The data below calls for an exact copy.

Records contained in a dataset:
+-------+
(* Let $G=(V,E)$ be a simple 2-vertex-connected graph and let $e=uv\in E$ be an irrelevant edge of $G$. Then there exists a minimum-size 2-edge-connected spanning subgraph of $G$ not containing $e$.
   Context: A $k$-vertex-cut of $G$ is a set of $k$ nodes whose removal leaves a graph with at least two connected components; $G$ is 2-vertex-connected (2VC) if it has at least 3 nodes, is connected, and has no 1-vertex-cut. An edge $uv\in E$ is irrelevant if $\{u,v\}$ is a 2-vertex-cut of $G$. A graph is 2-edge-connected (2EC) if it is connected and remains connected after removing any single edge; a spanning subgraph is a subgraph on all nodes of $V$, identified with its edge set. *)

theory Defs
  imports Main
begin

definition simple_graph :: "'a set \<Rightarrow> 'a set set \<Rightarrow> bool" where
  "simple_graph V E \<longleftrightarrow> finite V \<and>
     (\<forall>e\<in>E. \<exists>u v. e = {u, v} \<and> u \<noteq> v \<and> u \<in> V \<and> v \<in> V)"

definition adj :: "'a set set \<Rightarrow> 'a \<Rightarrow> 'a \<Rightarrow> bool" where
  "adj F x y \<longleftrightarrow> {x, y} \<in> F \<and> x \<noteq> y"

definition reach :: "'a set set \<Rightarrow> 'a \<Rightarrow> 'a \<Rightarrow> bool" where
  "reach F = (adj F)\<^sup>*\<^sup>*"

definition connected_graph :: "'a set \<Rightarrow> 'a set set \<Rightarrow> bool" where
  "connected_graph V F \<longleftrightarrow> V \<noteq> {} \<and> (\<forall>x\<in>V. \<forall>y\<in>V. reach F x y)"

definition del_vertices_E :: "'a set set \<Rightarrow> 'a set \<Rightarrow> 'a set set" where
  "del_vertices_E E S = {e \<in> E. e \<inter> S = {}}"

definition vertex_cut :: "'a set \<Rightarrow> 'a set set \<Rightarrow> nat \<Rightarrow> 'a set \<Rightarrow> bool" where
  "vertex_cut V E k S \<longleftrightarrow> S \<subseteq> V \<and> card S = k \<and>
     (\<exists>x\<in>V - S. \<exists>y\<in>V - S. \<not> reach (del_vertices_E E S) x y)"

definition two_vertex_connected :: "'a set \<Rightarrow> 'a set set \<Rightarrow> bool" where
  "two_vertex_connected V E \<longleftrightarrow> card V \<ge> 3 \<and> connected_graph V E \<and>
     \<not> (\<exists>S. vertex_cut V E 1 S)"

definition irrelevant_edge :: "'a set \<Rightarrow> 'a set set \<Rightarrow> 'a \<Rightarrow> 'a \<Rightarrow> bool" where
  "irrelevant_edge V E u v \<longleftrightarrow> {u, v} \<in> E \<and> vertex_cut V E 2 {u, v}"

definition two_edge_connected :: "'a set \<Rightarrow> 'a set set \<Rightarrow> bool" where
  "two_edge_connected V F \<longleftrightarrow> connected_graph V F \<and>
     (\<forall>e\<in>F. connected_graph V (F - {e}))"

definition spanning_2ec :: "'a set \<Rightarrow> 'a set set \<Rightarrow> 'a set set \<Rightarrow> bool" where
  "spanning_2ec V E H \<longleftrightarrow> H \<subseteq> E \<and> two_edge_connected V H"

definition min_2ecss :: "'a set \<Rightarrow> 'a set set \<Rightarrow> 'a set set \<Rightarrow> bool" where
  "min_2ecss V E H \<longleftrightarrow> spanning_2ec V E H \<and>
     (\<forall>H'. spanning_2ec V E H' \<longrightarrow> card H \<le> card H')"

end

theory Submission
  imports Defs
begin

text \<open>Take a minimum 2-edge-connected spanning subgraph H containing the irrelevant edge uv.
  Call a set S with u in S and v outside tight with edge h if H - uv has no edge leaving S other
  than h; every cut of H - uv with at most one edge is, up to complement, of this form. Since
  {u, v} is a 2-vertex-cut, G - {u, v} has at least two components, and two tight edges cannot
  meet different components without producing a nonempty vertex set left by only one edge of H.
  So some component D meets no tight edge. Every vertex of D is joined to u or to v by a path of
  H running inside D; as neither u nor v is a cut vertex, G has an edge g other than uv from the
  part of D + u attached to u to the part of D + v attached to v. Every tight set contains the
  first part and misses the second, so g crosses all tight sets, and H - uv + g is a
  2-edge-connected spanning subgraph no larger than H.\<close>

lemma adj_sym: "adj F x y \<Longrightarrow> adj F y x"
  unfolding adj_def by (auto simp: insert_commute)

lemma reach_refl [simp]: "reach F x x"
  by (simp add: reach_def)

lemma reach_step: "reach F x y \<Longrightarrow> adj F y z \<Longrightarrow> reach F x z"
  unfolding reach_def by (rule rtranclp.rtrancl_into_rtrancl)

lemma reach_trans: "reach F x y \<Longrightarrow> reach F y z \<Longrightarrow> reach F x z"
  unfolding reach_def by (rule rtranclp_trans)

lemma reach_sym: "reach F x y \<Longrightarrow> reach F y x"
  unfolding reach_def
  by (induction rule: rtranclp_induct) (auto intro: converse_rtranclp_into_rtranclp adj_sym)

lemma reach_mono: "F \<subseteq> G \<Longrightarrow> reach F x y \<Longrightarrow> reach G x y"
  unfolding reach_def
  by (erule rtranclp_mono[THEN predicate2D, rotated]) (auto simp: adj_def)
+-------+
▸ **Solution**
(* Let $G=(V,E)$ be a simple 2-vertex-connected graph and let $e=uv\in E$ be an irrelevant edge of $G$. Then there exists a minimum-size 2-edge-connected spanning subgraph of $G$ not containing $e$.
   Context: A $k$-vertex-cut of $G$ is a set of $k$ nodes whose removal leaves a graph with at least two connected components; $G$ is 2-vertex-connected (2VC) if it has at least 3 nodes, is connected, and has no 1-vertex-cut. An edge $uv\in E$ is irrelevant if $\{u,v\}$ is a 2-vertex-cut of $G$. A graph is 2-edge-connected (2EC) if it is connected and remains connected after removing any single edge; a spanning subgraph is a subgraph on all nodes of $V$, identified with its edge set. *)

theory Defs
  imports Main
begin

definition simple_graph :: "'a set \<Rightarrow> 'a set set \<Rightarrow> bool" where
  "simple_graph V E \<longleftrightarrow> finite V \<and>
     (\<forall>e\<in>E. \<exists>u v. e = {u, v} \<and> u \<noteq> v \<and> u \<in> V \<and> v \<in> V)"

definition adj :: "'a set set \<Rightarrow> 'a \<Rightarrow> 'a \<Rightarrow> bool" where
  "adj F x y \<longleftrightarrow> {x, y} \<in> F \<and> x \<noteq> y"

definition reach :: "'a set set \<Rightarrow> 'a \<Rightarrow> 'a \<Rightarrow> bool" where
  "reach F = (adj F)\<^sup>*\<^sup>*"

definition connected_graph :: "'a set \<Rightarrow> 'a set set \<Rightarrow> bool" where
  "connected_graph V F \<longleftrightarrow> V \<noteq> {} \<and> (\<forall>x\<in>V. \<forall>y\<in>V. reach F x y)"

definition del_vertices_E :: "'a set set \<Rightarrow> 'a set \<Rightarrow> 'a set set" where
  "del_vertices_E E S = {e \<in> E. e \<inter> S = {}}"

definition vertex_cut :: "'a set \<Rightarrow> 'a set set \<Rightarrow> nat \<Rightarrow> 'a set \<Rightarrow> bool" where
  "vertex_cut V E k S \<longleftrightarrow> S \<subseteq> V \<and> card S = k \<and>
     (\<exists>x\<in>V - S. \<exists>y\<in>V - S. \<not> reach (del_vertices_E E S) x y)"

definition two_vertex_connected :: "'a set \<Rightarrow> 'a set set \<Rightarrow> bool" where
  "two_vertex_connected V E \<longleftrightarrow> card V \<ge> 3 \<and> connected_graph V E \<and>
     \<not> (\<exists>S. vertex_cut V E 1 S)"

definition irrelevant_edge :: "'a set \<Rightarrow> 'a set set \<Rightarrow> 'a \<Rightarrow> 'a \<Rightarrow> bool" where
  "irrelevant_edge V E u v \<longleftrightarrow> {u, v} \<in> E \<and> vertex_cut V E 2 {u, v}"

definition two_edge_connected :: "'a set \<Rightarrow> 'a set set \<Rightarrow> bool" where
  "two_edge_connected V F \<longleftrightarrow> connected_graph V F \<and>
     (\<forall>e\<in>F. connected_graph V (F - {e}))"

definition spanning_2ec :: "'a set \<Rightarrow> 'a set set \<Rightarrow> 'a set set \<Rightarrow> bool" where
  "spanning_2ec V E H \<longleftrightarrow> H \<subseteq> E \<and> two_edge_connected V H"

definition min_2ecss :: "'a set \<Rightarrow> 'a set set \<Rightarrow> 'a set set \<Rightarrow> bool" where
  "min_2ecss V E H \<longleftrightarrow> spanning_2ec V E H \<and>
     (\<forall>H'. spanning_2ec V E H' \<longrightarrow> card H \<le> card H')"

end

theory Submission
  imports Defs
begin

text \<open>Take a minimum 2-edge-connected spanning subgraph H containing the irrelevant edge uv.
  Call a set S with u in S and v outside tight with edge h if H - uv has no edge leaving S other
  than h; every cut of H - uv with at most one edge is, up to complement, of this form. Since
  {u, v} is a 2-vertex-cut, G - {u, v} has at least two components, and two tight edges cannot
  meet different components without producing a nonempty vertex set left by only one edge of H.
  So some component D meets no tight edge. Every vertex of D is joined to u or to v by a path of
  H running inside D; as neither u nor v is a cut vertex, G has an edge g other than uv from the
  part of D + u attached to u to the part of D + v attached to v. Every tight set contains the
  first part and misses the second, so g crosses all tight sets, and H - uv + g is a
  2-edge-connected spanning subgraph no larger than H.\<close>

lemma adj_sym: "adj F x y \<Longrightarrow> adj F y x"
  unfolding adj_def by (auto simp: insert_commute)

lemma reach_refl [simp]: "reach F x x"
  by (simp add: reach_def)

lemma reach_step: "reach F x y \<Longrightarrow> adj F y z \<Longrightarrow> reach F x z"
  unfolding reach_def by (rule rtranclp.rtrancl_into_rtrancl)

lemma reach_trans: "reach F x y \<Longrightarrow> reach F y z \<Longrightarrow> reach F x z"
  unfolding reach_def by (rule rtranclp_trans)

lemma reach_sym: "reach F x y \<Longrightarrow> reach F y x"
  unfolding reach_def
  by (induction rule: rtranclp_induct) (auto intro: converse_rtranclp_into_rtranclp adj_sym)

lemma reach_mono: "F \<subseteq> G \<Longrightarrow> reach F x y \<Longrightarrow> reach G x y"
  unfolding reach_def
  by (erule rtranclp_mono[THEN predicate2D, rotated]) (auto simp: adj_def)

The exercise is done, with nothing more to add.